◆ Work required: Output only the lines below that start at the line containing "set \<Rightarrow> pixel \<Rightarrow> pixel" and end at the line containing "1 + Min (gdist", with both ends kept.

[Dataset records]
===============

(* Let $P$ be a domain and $D\ge 2$ an integer, and let $R\subseteq P$. Suppose that initially each pixel of $R$ carries exactly one unit of snow, the pixels of $P\setminus R$ carry no snow, and the snowblower stands on a pixel of $P\setminus R$. Then every sequence of moves in the default model that obeys the capacity constraint and after which no pixel of $P$ carries snow consists of at least $|R|$ moves and of at least $\frac{1}{D}\sum_{q\in R}\mathrm{vdist}(q)$ moves. (Consequently the same bounds hold in the adjustable-throw and fixed-throw models.)
   Context: A pixel is a closed unit square $[i,i+1]\times[j,j+1]$, $i,j\in\mathbb{Z}$; two pixels are adjacent if they share a side. The domain $P$ is a finite set of pixels whose dual graph $G_P$ (vertex per pixel, edges between adjacent pixels) is connected. A boundary side is a side of a pixel of $P$ not shared with another pixel of $P$; a boundary pixel is a pixel of $P$ with a boundary side. For $q\in P$, $\mathrm{vdist}(q)=1+\min_{b}\mathrm{dist}_{G_P}(q,b)$, the minimum over boundary pixels $b$ of $P$. A move: the snowblower goes from its pixel $v$ to an adjacent pixel $u\in P$, and upon entering $u$ all snow on $u$ is thrown onto the pixel adjacent to $u$ in a chosen direction (default model: forward, left, right, or backward onto $v$; adjustable-throw: forward, left, right; fixed-throw: right, all relative to the motion $v\to u$); if that pixel is not in $P$ the snow disappears, otherwise it is added to the snow there. Capacity constraint: at all times every pixel of $P$ carries at most $D$ units of snow. *)

theory Defs
  imports Complex_Main
begin

text \<open>A pixel [i,i+1] x [j,j+1] is represented by its lower-left corner (i,j).\<close>
type_synonym pixel = "int \<times> int"

definition adjacent :: "pixel \<Rightarrow> pixel \<Rightarrow> bool" where
  "adjacent p q \<longleftrightarrow> \<bar>fst p - fst q\<bar> + \<bar>snd p - snd q\<bar> = 1"

definition gpath :: "pixel set \<Rightarrow> pixel list \<Rightarrow> bool" where
  "gpath P xs \<longleftrightarrow> xs \<noteq> [] \<and> set xs \<subseteq> P \<and> (\<forall>i. Suc i < length xs \<longrightarrow> adjacent (xs ! i) (xs ! Suc i))"

definition domain :: "pixel set \<Rightarrow> bool" where
  "domain P \<longleftrightarrow> finite P \<and> P \<noteq> {} \<and>
     (\<forall>p\<in>P. \<forall>q\<in>P. \<exists>xs. gpath P xs \<and> hd xs = p \<and> last xs = q)"

definition gdist :: "pixel set \<Rightarrow> pixel \<Rightarrow> pixel \<Rightarrow> nat" where
  "gdist P p q = (LEAST n. \<exists>xs. gpath P xs \<and> hd xs = p \<and> last xs = q \<and> length xs = Suc n)"

definition boundary_pixel :: "pixel set \<Rightarrow> pixel \<Rightarrow> bool" where
  "boundary_pixel P b \<longleftrightarrow> b \<in> P \<and> (\<exists>q. adjacent b q \<and> q \<notin> P)"

definition vdist :: "pixel set \<Rightarrow> pixel \<Rightarrow> nat" where
  "vdist P q = 1 + Min (gdist P q ` {b. boundary_pixel P b})"

datatype throw = Forward | Left | Right | Backward

datatype model = Default | Adjustable | Fixed

definition allowed :: "model \<Rightarrow> throw set" where
  "allowed M = (case M of Default \<Rightarrow> {Forward, Left, Right, Backward}
                        | Adjustable \<Rightarrow> {Forward, Left, Right}
                        | Fixed \<Rightarrow> {Right})"

text \<open>Throw vector relative to the motion vector m = (dx,dy); left = counterclockwise.\<close>
definition throw_vec :: "int \<times> int \<Rightarrow> throw \<Rightarrow> int \<times> int" where
  "throw_vec m t = (case t of Forward \<Rightarrow> m
                           | Left \<Rightarrow> (- snd m, fst m)
                           | Right \<Rightarrow> (snd m, - fst m)
                           | Backward \<Rightarrow> (- fst m, - snd m))"

text \<open>State: position of the snowblower and amount of snow on each pixel.
  The move v -> u with throw t: snow on u goes to the pixel w next to u in direction t,
  disappearing if w is not in P.\<close>
definition move :: "pixel set \<Rightarrow> pixel \<times> (pixel \<Rightarrow> nat) \<Rightarrow> pixel \<Rightarrow> throw \<Rightarrow> pixel \<times> (pixel \<Rightarrow> nat)" where
  "move P st u t =
     (let v = fst st; s = snd st;
          w = (fst u + fst (throw_vec (fst u - fst v, snd u - snd v) t),
               snd u + snd (throw_vec (fst u - fst v, snd u - snd v) t))
      in (u, if w \<in> P then (s(u := 0))(w := s w + s u) else s(u := 0)))"

definition capacity_ok :: "nat \<Rightarrow> pixel set \<Rightarrow> (pixel \<Rightarrow> nat) \<Rightarrow> bool" where
  "capacity_ok D P s \<longleftrightarrow> (\<forall>p\<in>P. s p \<le> D)"

fun valid_run :: "model \<Rightarrow> nat \<Rightarrow> pixel set \<Rightarrow> pixel \<times> (pixel \<Rightarrow> nat) \<Rightarrow> (pixel \<times> throw) list \<Rightarrow> bool" where
  "valid_run M D P st [] \<longleftrightarrow> capacity_ok D P (snd st)"
| "valid_run M D P st ((u, t) # ms) \<longleftrightarrow>
     capacity_ok D P (snd st) \<and> u \<in> P \<and> adjacent (fst st) u \<and> t \<in> allowed M \<and>
     valid_run M D P (move P st u t) ms"

fun run_final :: "pixel set \<Rightarrow> pixel \<times> (pixel \<Rightarrow> nat) \<Rightarrow> (pixel \<times> throw) list \<Rightarrow> pixel \<times> (pixel \<Rightarrow> nat)" where
  "run_final P st [] = st"
| "run_final P st ((u, t) # ms) = run_final P (move P st u t) ms"

end

theory Submission
  imports Defs
begin

text \<open>The potential \<open>\<Sum>\<^sub>p s p \<cdot> vdist p\<close> of a snow distribution \<open>s\<close> is \<open>\<Sum>\<^sub>q\<^sub>\<in>\<^sub>R vdist q\<close> initially
  and 0 at the end. A move only touches the snow on the entered pixel \<open>u\<close>, at most \<open>D\<close> units by
  the capacity constraint, and throws it to a neighbour, whose vdist is at least \<open>vdist u - 1\<close>,
  or out of \<open>P\<close>, in which case \<open>u\<close> is a boundary pixel with \<open>vdist u = 1\<close>. Either way the
  potential drops by at most \<open>D\<close> per move. Moreover snow leaves a pixel only when the
  snowblower enters it, so every pixel of \<open>R\<close> must be entered.\<close>

lemma gdist_le_length:
  assumes "gpath P xs" "hd xs = p" "last xs = q"
  shows "gdist P p q \<le> length xs - 1"
proof -
  have "length xs = Suc (length xs - 1)" using assms(1) by (simp add: gpath_def)
  then show ?thesis unfolding gdist_def using assms by (intro Least_le) metis
qed

lemma gdist_shortest_path:
  assumes "domain P" "p \<in> P" "q \<in> P"
  obtains xs where "gpath P xs" "hd xs = p" "last xs = q" "length xs = Suc (gdist P p q)"
proof -
  obtain xs where "gpath P xs" "hd xs = p" "last xs = q"
    using assms unfolding domain_def by blast
  then have "\<exists>n xs. gpath P xs \<and> hd xs = p \<and> last xs = q \<and> length xs = Suc n"
    by (metis gpath_def length_greater_0_conv Suc_pred)
  then have "\<exists>xs. gpath P xs \<and> hd xs = p \<and> last xs = q \<and> length xs = Suc (gdist P p q)"
    unfolding gdist_def by (rule LeastI_ex)
  then show ?thesis using that by blast
qed

lemma gpath_Cons:
  assumes "gpath P xs" "u \<in> P" "adjacent u (hd xs)"
  shows "gpath P (u # xs)"
  using assms unfolding gpath_def by (auto simp: nth_Cons hd_conv_nth split: nat.split)

lemma gdist_adjacent_le:
  assumes "domain P" "u \<in> P" "w \<in> P" "b \<in> P" "adjacent u w"
  shows "gdist P u b \<le> Suc (gdist P w b)"
proof -
  obtain xs where xs: "gpath P xs" "hd xs = w" "last xs = b" "length xs = Suc (gdist P w b)"
    using gdist_shortest_path[OF assms(1,3,4)] .
  then have "xs \<noteq> []" by (simp add: gpath_def)
  moreover have "gpath P (u # xs)" using xs assms by (intro gpath_Cons) auto
  ultimately have "gdist P u b \<le> length (u # xs) - 1"
    using xs by (intro gdist_le_length) auto
  then show ?thesis using xs by simp
qed

lemma boundary_pixel_exists:
  assumes "finite P" "P \<noteq> {}"
  obtains b where "boundary_pixel P b"
proof -
  define m where "m = Max (fst ` P)"
  have "m \<in> fst ` P" unfolding m_def using assms by (intro Max_in) auto
  then obtain p where p: "p \<in> P" "fst p = m" by auto
  have "(fst p + 1, snd p) \<notin> P"
  proof
    assume "(fst p + 1, snd p) \<in> P"
    then have "fst p + 1 \<le> m" unfolding m_def using assms(1) by (metis Max_ge finite_imageI fst_conv image_eqI)
    then show False using p by simp
  qed
  moreover have "adjacent p (fst p + 1, snd p)" by (simp add: adjacent_def)
  ultimately show ?thesis using p that unfolding boundary_pixel_def by blast
qed

lemma vdist_adjacent_le:
  assumes "domain P" "u \<in> P" "w \<in> P" "adjacent u w"
  shows "vdist P u \<le> Suc (vdist P w)"
proof -
  define B where "B = {b. boundary_pixel P b}"
  have "B \<subseteq> P" by (auto simp: B_def boundary_pixel_def)
  then have fin: "finite B" using assms(1) by (meson domain_def finite_subset)
  have "B \<noteq> {}"
    using boundary_pixel_exists[of P] assms(1) by (auto simp: B_def domain_def)
  then have "Min (gdist P w ` B) \<in> gdist P w ` B" using fin by (intro Min_in) auto
  then obtain b where b: "b \<in> B" "gdist P w b = Min (gdist P w ` B)" by auto
  have "Min (gdist P u ` B) \<le> gdist P u b" using fin b by (intro Min_le) auto
  also have "\<dots> \<le> Suc (gdist P w b)"
    using gdist_adjacent_le[OF assms(1-3) _ assms(4)] b \<open>B \<subseteq> P\<close> by blast
  finally show ?thesis unfolding vdist_def B_def[symmetric] using b by simp
qed

lemma vdist_boundary_pixel:
  assumes "domain P" "boundary_pixel P u"
  shows "vdist P u = 1"
proof -
  define B where "B = {b. boundary_pixel P b}"
  have "B \<subseteq> P" by (auto simp: B_def boundary_pixel_def)
  then have fin: "finite B" using assms(1) by (meson domain_def finite_subset)
  have "gpath P [u]" using assms(2) by (simp add: gpath_def boundary_pixel_def)
  then have "gdist P u u = 0" using gdist_le_length[of P "[u]" u u] by simp
  moreover have "Min (gdist P u ` B) \<le> gdist P u u"
    using fin assms(2) by (intro Min_le) (auto simp: B_def)
  ultimately show ?thesis unfolding vdist_def B_def[symmetric] by simp
qed

definition throw_target :: "pixel \<Rightarrow> pixel \<Rightarrow> throw \<Rightarrow> pixel" where
  "throw_target v u t =
     (let d = throw_vec (fst u - fst v, snd u - snd v) t in (fst u + fst d, snd u + snd d))"

lemma move_eq:
  "move P (v, s) u t =
     (u, if throw_target v u t \<in> P
         then (s(u := 0))(throw_target v u t := s (throw_target v u t) + s u)
         else s(u := 0))"
  by (simp add: move_def throw_target_def Let_def)

lemma adjacent_throw_target:
  assumes "adjacent v u"
  shows "adjacent u (throw_target v u t)"
  using assms by (cases t) (auto simp: adjacent_def throw_vec_def throw_target_def)

definition snow_potential :: "pixel set \<Rightarrow> (pixel \<Rightarrow> nat) \<Rightarrow> nat" where
  "snow_potential P s = (\<Sum>p\<in>P. s p * vdist P p)"

lemma snow_potential_fun_upd:
  assumes "finite P" "p \<in> P"
  shows "snow_potential P (s(p := a)) + s p * vdist P p = snow_potential P s + a * vdist P p"
proof -
  have "(\<Sum>q\<in>P - {p}. (s(p := a)) q * vdist P q) = (\<Sum>q\<in>P - {p}. s q * vdist P q)"
    by (rule sum.cong) auto
  then show ?thesis using assms unfolding snow_potential_def by (simp add: sum.remove)
qed

lemma snow_potential_move:
  assumes "domain P" "u \<in> P" "adjacent v u"
  shows "snow_potential P s \<le> snow_potential P (snd (move P (v, s) u t)) + s u"
proof -
  define w where "w = throw_target v u t"
  have adj: "adjacent u w" unfolding w_def by (rule adjacent_throw_target[OF assms(3)])
  then have "w \<noteq> u" by (auto simp: adjacent_def)
  have fin: "finite P" using assms(1) by (simp add: domain_def)
  have cleared: "snow_potential P (s(u := 0)) + s u * vdist P u = snow_potential P s"
    using snow_potential_fun_upd[OF fin assms(2), of s 0] by simp
  show ?thesis
  proof (cases "w \<in> P")
    case True
    have "snow_potential P ((s(u := 0))(w := s w + s u)) + s w * vdist P w
        = snow_potential P (s(u := 0)) + (s w + s u) * vdist P w"
      using snow_potential_fun_upd[OF fin True, of "s(u := 0)"] \<open>w \<noteq> u\<close> by simp
    moreover have "s u * vdist P u \<le> s u * vdist P w + s u"
      using mult_le_mono2[OF vdist_adjacent_le[OF assms(1,2) True adj], of "s u"] by simp
    ultimately show ?thesis
      using cleared True by (simp add: move_eq w_def[symmetric] algebra_simps)
  next
    case False
    then have "boundary_pixel P u" using assms(2) adj unfolding boundary_pixel_def by blast
    then have "vdist P u = 1" by (rule vdist_boundary_pixel[OF assms(1)])
    then show ?thesis using cleared False by (simp add: move_eq w_def[symmetric])
  qed
qed

lemma valid_run_snow_potential:
  assumes "domain P" "valid_run M D P st ms"
  shows "snow_potential P (snd st) \<le> snow_potential P (snd (run_final P st ms)) + D * length ms"
  using assms(2)
proof (induction ms arbitrary: st)
  case Nil
  then show ?case by simp
next
  case (Cons m ms)
  obtain u t v s where m: "m = (u, t)" and st: "st = (v, s)" by fastforce
  then have h: "s u \<le> D" "u \<in> P" "adjacent v u" "valid_run M D P (move P (v, s) u t) ms"
    using Cons.prems by (auto simp: capacity_ok_def)
  have "snow_potential P s \<le> snow_potential P (snd (move P (v, s) u t)) + D"
    using snow_potential_move[OF assms(1) h(2,3), of s t] h(1) by linarith
  then show ?case using Cons.IH[OF h(4)] m st by simp
qed

lemma run_final_unentered:
  assumes "p \<notin> fst ` set ms"
  shows "snd st p \<le> snd (run_final P st ms) p"
  using assms
proof (induction ms arbitrary: st)
  case Nil
  then show ?case by simp
next
  case (Cons m ms)
  obtain u t where m: "m = (u, t)" by fastforce
  then have "snd st p \<le> snd (move P st u t) p"
    using Cons.prems by (auto simp: move_def Let_def)
  also have "\<dots> \<le> snd (run_final P (move P st u t) ms) p" using Cons by auto
  finally show ?case using m by simp
qed

lemma snow_potential_indicator:
  assumes "finite P" "R \<subseteq> P"
  shows "snow_potential P (\<lambda>p. if p \<in> R then 1 else 0) = (\<Sum>q\<in>R. vdist P q)"
proof -
  have "snow_potential P (\<lambda>p. if p \<in> R then 1 else 0) = (\<Sum>p\<in>P. if p \<in> R then vdist P p else 0)"
    unfolding snow_potential_def by (intro sum.cong) auto
  also have "\<dots> = (\<Sum>q\<in>R. vdist P q)"
    using assms by (simp add: sum.inter_restrict[symmetric] Int_absorb1)
  finally show ?thesis .
qed

theorem lemma2:
  fixes P R :: "pixel set" and D :: nat and v0 :: pixel
    and ms :: "(pixel \<times> throw) list" and M :: model
  assumes "domain P" and "D \<ge> 2" and "R \<subseteq> P"
    and "v0 \<in> P - R"
    and "valid_run M D P (v0, \<lambda>p. if p \<in> R then 1 else 0) ms"
    and "\<forall>p\<in>P. snd (run_final P (v0, \<lambda>p. if p \<in> R then 1 else 0) ms) p = 0"
  shows "card R \<le> length ms \<and> real (\<Sum>q\<in>R. vdist P q) / real D \<le> real (length ms)"
proof -
  let ?st = "(v0, \<lambda>p. if p \<in> R then 1 else 0) :: pixel \<times> (pixel \<Rightarrow> nat)"
  have "R \<subseteq> set (map fst ms)"
    using run_final_unentered[of _ ms ?st P] assms(3,6) by fastforce
  then have "card R \<le> card (set (map fst ms))" by (intro card_mono) auto
  also have "\<dots> \<le> length ms" using card_length[of "map fst ms"] by simp
  finally have moves_ge_card: "card R \<le> length ms" .
  have "snow_potential P (snd (run_final P ?st ms)) = 0"
    unfolding snow_potential_def using assms(6) by simp
  then have "(\<Sum>q\<in>R. vdist P q) \<le> D * length ms"
    using valid_run_snow_potential[OF assms(1,5)] snow_potential_indicator[OF _ assms(3)] assms(1)
    by (simp add: domain_def)
  then have "real (\<Sum>q\<in>R. vdist P q) \<le> real D * real (length ms)"
    by (metis of_nat_le_iff of_nat_mult)
  then show ?thesis
    using moves_ge_card assms(2) by (simp add: divide_le_eq mult.commute)
qed

end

===============

◆ Answer box:
definition gdist :: "pixel set \<Rightarrow> pixel \<Rightarrow> pixel \<Rightarrow> nat" where
  "gdist P p q = (LEAST n. \<exists>xs. gpath P xs \<and> hd xs = p \<and> last xs = q \<and> length xs = Suc n)"

definition boundary_pixel :: "pixel set \<Rightarrow> pixel \<Rightarrow> bool" where
  "boundary_pixel P b \<longleftrightarrow> b \<in> P \<and> (\<exists>q. adjacent b q \<and> q \<notin> P)"

definition vdist :: "pixel set \<Rightarrow> pixel \<Rightarrow> nat" where
  "vdist P q = 1 + Min (gdist P q ` {b. boundary_pixel P b})"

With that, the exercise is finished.